The problem: Among the entries below, which lines include the string "that"? Show each one.

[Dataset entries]
◇ ◇ ◇ ◇ ◇ ◇ ◇
text \<open>A finite set which is not a singleton has positive distance from all singletons: isolate two
  of its points; by the ultrametric inequality no x lies in both isolating balls.\<close>

lemma separated_from_singletons:
  assumes "finite A" "A \<subseteq> X" "\<And>x. A \<noteq> {x}"
  shows "\<exists>r>0. \<forall>x\<in>X. r \<le> parity_norm (sym_diff A {x})"
proof (cases "A = {}")
  case True
  then show ?thesis using parity_norm_singleton_ge_1 by (intro exI[of _ 1]) simp
next
  case False
  then obtain a where "a \<in> A" by blast
  moreover obtain a' where "a' \<in> A" "a' \<noteq> a" using assms(3)[of a] \<open>a \<in> A\<close> by blast
  ultimately have a: "a \<in> A" "a' \<in> A" "a \<noteq> a'" "a \<in> X" "a' \<in> X" using assms(2) by auto
  obtain r1 where r1: "0 < r1" "r1 \<le> radius_cap a" "A \<inter> mball a r1 = {a}"
    using isolating_radius[OF assms(1,2) a(1)] by blast
  obtain r2 where r2: "0 < r2" "r2 \<le> radius_cap a'" "A \<inter> mball a' r2 = {a'}"
    using isolating_radius[OF assms(1,2) a(2)] by blast
  have "r1 \<le> d a a'" "r2 \<le> d a' a"
    using isolating_radius_le_dist r1(3) r2(3) a by auto
  show ?thesis
  proof (intro exI[of _ "min r1 r2"] conjI ballI)
    show "0 < min r1 r2" using r1 r2 by simp
    fix x assume x: "x \<in> X"
    have "d a a' \<le> max (d a x) (d x a')" using ultra a(4,5) x by blast
    then have "\<not> (d a x < r1 \<and> d a' x < r2)"
      using \<open>r1 \<le> d a a'\<close> \<open>r2 \<le> d a' a\<close> commute[of a a'] commute[of x a']
      by (cases "d a x \<le> d x a'") (simp_all add: max_def)
    then have "x \<notin> mball a r1 \<or> x \<notin> mball a' r2" by auto
    then show "min r1 r2 \<le> parity_norm (sym_diff A {x})"
      using isolating_radius_sym_diff_singleton[OF assms(1) r1] isolating_radius_sym_diff_singleton[OF assms(1) r2]
      by (meson min.coboundedI1 min.coboundedI2)
  qed
qed
lemma tendsto_normal_density_average:
  fixes F :: "real \<Rightarrow> complex"
  assumes F [measurable]: "F \<in> borel_measurable borel"
    and L2: "integrable lborel (\<lambda>v. (norm (F v))\<^sup>2)" and cont: "isCont F v0"
  shows "((\<lambda>e. \<integral>v. F v * of_real (normal_density v0 e v) \<partial>lborel) \<longlongrightarrow> F v0) (at_right 0)"
proof (rule tendstoI)
  fix \<eta> :: real assume \<eta>: "\<eta> > 0"
  obtain \<delta> where \<delta>: "\<delta> > 0" and near: "\<And>v. \<bar>v - v0\<bar> < \<delta> \<Longrightarrow> norm (F v - F v0) \<le> \<eta> / 2"
    using cont \<eta> unfolding continuous_at_eps_delta dist_norm
    by (metis half_gt_zero less_eq_real_def real_norm_def)
  define Q where "Q = (\<integral>v. (norm (F v))\<^sup>2 \<partial>lborel)"
  define b where "b e = \<eta> / 2 + e / \<delta>\<^sup>2 * Q + (1/2 + norm (F v0)) / \<delta>\<^sup>2 * e\<^sup>2" for e
  have "(b \<longlongrightarrow> b 0) (at_right 0)"
    unfolding b_def using \<delta> by (intro tendsto_intros) auto
  then have "\<forall>\<^sub>F e in at_right 0. b e < \<eta>"
    by (rule order_tendstoD(2)) (use \<eta> in \<open>simp add: b_def\<close>)
  then show "\<forall>\<^sub>F e in at_right 0. dist (\<integral>v. F v * of_real (normal_density v0 e v) \<partial>lborel) (F v0) < \<eta>"
    using eventually_at_right_less[of 0]
  proof eventually_elim
    case (elim e)
    with norm_normal_density_average_diff_le[OF F L2 _ \<delta> _ near, of e] \<eta>
    show ?case by (simp add: dist_norm b_def Q_def)
  qed
qed
lemma jump_seq_grid:
  assumes fin: "locally_finite_jumps n N \<omega>" and "a < b"
    and sep: "\<forall>u\<in>(\<Union>k\<in>{..n}. N k \<omega> \<inter> {a..<b}). \<forall>v\<in>(\<Union>k\<in>{..n}. N k \<omega> \<inter> {a..<b}).
      u \<noteq> v \<longrightarrow> (b - a) / real (Suc L) < \<bar>u - v\<bar>"
  shows "jump_seq n N \<omega> a b =
    concat (map (\<lambda>j. filter (\<lambda>k. N k \<omega> \<inter> {grid a b L j..<grid a b L (Suc j)} \<noteq> {}) [0..<Suc n])
      [0..<Suc L])"
proof -
  have "jump_seq n N \<omega> a b = jump_seq n N \<omega> (grid a b L 0) (grid a b L (Suc L))"
    by simp
  also have "\<dots> = concat (map (\<lambda>j. jump_seq n N \<omega> (grid a b L j) (grid a b L (Suc j))) [0..<Suc L])"
    using \<open>a < b\<close> by (intro jump_seq_concat[OF fin, where g = "grid a b L"] grid_mono) auto
  also have "\<dots> = concat (map (\<lambda>j. filter (\<lambda>k. N k \<omega> \<inter> {grid a b L j..<grid a b L (Suc j)} \<noteq> {})
      [0..<Suc n]) [0..<Suc L])"
  proof (intro arg_cong[where f = concat] map_cong refl jump_seq_at_most_one_time)
    fix j u v assume "j \<in> set [0..<Suc L]"
      and uv: "u \<in> (\<Union>k\<in>{..n}. N k \<omega> \<inter> {grid a b L j..<grid a b L (Suc j)})"
        "v \<in> (\<Union>k\<in>{..n}. N k \<omega> \<inter> {grid a b L j..<grid a b L (Suc j)})"
    then have "{grid a b L j..<grid a b L (Suc j)} \<subseteq> {a..<b}"
      using grid_mono[of a b 0 j L] grid_mono[of a b "Suc j" "Suc L" L] \<open>a < b\<close> by auto
    then have "u \<in> (\<Union>k\<in>{..n}. N k \<omega> \<inter> {a..<b})" "v \<in> (\<Union>k\<in>{..n}. N k \<omega> \<inter> {a..<b})"
      using uv by auto
    moreover have "\<bar>u - v\<bar> < (b - a) / real (Suc L)"
      using uv grid_width[of a b L j] by (auto simp: abs_less_iff)
    ultimately show "u = v"
      using sep by force
  qed
  finally show ?thesis .
qed

lemma jump_seq_eventually_grid:
  assumes fin: "locally_finite_jumps n N \<omega>" and "a < b"
  shows "\<forall>\<^sub>F L in sequentially. jump_seq n N \<omega> a b =
    concat (map (\<lambda>j. filter (\<lambda>k. N k \<omega> \<inter> {grid a b L j..<grid a b L (Suc j)} \<noteq> {}) [0..<Suc n])
      [0..<Suc L])"
proof -
  have "((\<lambda>L. (b - a) / real (Suc L)) \<longlongrightarrow> 0) sequentially"
    using tendsto_mult_right_zero[OF LIMSEQ_inverse_real_of_nat, of "b - a"]
    by (simp add: divide_inverse)
  from eventually_separated_finite[OF finite_jump_times[OF fin] this] show ?thesis
    by (rule eventually_mono) (rule jump_seq_grid[OF fin \<open>a < b\<close>])
qed

lemma measurable_concat_map_filter:
  assumes "\<And>j k. j \<in> set js \<Longrightarrow> k \<in> set ks \<Longrightarrow> Measurable.pred M (P j k)"
  shows "(\<lambda>\<omega>. concat (map (\<lambda>j. filter (\<lambda>k. P j k \<omega>) ks) js)) \<in> M \<rightarrow>\<^sub>M count_space UNIV"
proof -
  have "concat (map (\<lambda>j. filter (\<lambda>k. P j k \<omega>) ks) js) =
      map snd (filter (\<lambda>jk. P (fst jk) (snd jk) \<omega>) (List.product js ks))" for \<omega>
    by (induction js) (simp_all add: filter_map comp_def)
  moreover have "(\<lambda>\<omega>. map snd (filter (\<lambda>jk. P (fst jk) (snd jk) \<omega>) (List.product js ks)))
      \<in> M \<rightarrow>\<^sub>M count_space UNIV"
    by (rule measurable_compose[OF measurable_filter_count_space]) (use assms in auto)
  ultimately show ?thesis by simp
qed

lemma measurable_jump_seq:
  assumes fin: "\<And>\<omega>. locally_finite_jumps n N \<omega>"
    and meas: "\<And>k a b. k \<le> n \<Longrightarrow> Measurable.pred M (\<lambda>\<omega>. N k \<omega> \<inter> {a..<b} \<noteq> {})"
  shows "(\<lambda>\<omega>. jump_seq n N \<omega> a b) \<in> M \<rightarrow>\<^sub>M count_space UNIV"
proof (cases "a < b")
  case False
  then show ?thesis by (simp add: jump_seq_def)
next
  case True
  let ?g = "\<lambda>L \<omega>. concat (map (\<lambda>j. filter (\<lambda>k. N k \<omega> \<inter> {grid a b L j..<grid a b L (Suc j)} \<noteq> {})
    [0..<Suc n]) [0..<Suc L])"
  show ?thesis
  proof (rule measurable_count_space_eventually_eq[where g = ?g])
    show "?g L \<in> M \<rightarrow>\<^sub>M count_space UNIV" for L
      using meas by (intro measurable_concat_map_filter) auto
    show "\<forall>\<^sub>F L in sequentially. ?g L \<omega> = jump_seq n N \<omega> a b" for \<omega>
      using jump_seq_eventually_grid[OF fin True] by (rule eventually_mono) (rule sym)
  qed
qed

lemma measurable_phi:
  assumes "\<And>\<omega>. locally_finite_jumps n N \<omega>"
    and "\<And>k a b. k \<le> n \<Longrightarrow> Measurable.pred M (\<lambda>\<omega>. N k \<omega> \<inter> {a..<b} \<noteq> {})"
  shows "(\<lambda>\<omega>. phi n N t t0 x \<omega>) \<in> M \<rightarrow>\<^sub>M count_space UNIV"
  unfolding phi_def
  by (rule measurable_compose[OF measurable_jump_seq[OF assms] measurable_count_space])

lemma exists_rat_no_jumps_before:
  assumes fin: "locally_finite_jumps n N \<omega>"
  shows "\<exists>q\<in>\<rat>. q \<le> t0 \<and> (\<forall>k\<le>n. N k \<omega> \<inter> {q..<t0} = {})"
proof -
  let ?S = "insert (t0 - 1) (\<Union>k\<in>{..n}. N k \<omega> \<inter> {t0 - 1..<t0})"
  have "finite ?S"
    using finite_jump_times[OF fin] by simp
  then have "Max ?S < t0"
    by (subst Max_less_iff) auto
  then obtain q where q: "q \<in> \<rat>" "Max ?S < q" "q < t0"
    using Rats_dense_in_real by blast
  have "N k \<omega> \<inter> {q..<t0} = {}" if "k \<le> n" for k
  proof -
    have "u \<notin> N k \<omega>" if "q \<le> u" "u < t0" for u
    proof
      assume "u \<in> N k \<omega>"
      moreover have "t0 - 1 < u"
        using Max_ge[OF \<open>finite ?S\<close>, of "t0 - 1"] q(2) that(1) by simp
      ultimately have "u \<in> ?S"
        using \<open>k \<le> n\<close> that(2) by auto
      then show False
        using Max_ge[OF \<open>finite ?S\<close>, of u] q(2) that(1) by simp
    qed
    then show ?thesis by auto
  qed
  then show ?thesis
    using q by (intro bexI[of _ q]) auto
qed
◇ ◇ ◇ ◇ ◇ ◇ ◇
Output of the task:
        using Max_ge[OF \<open>finite ?S\<close>, of "t0 - 1"] q(2) that(1) by simp
        using \<open>k \<le> n\<close> that(2) by auto
        using Max_ge[OF \<open>finite ?S\<close>, of u] q(2) that(1) by simp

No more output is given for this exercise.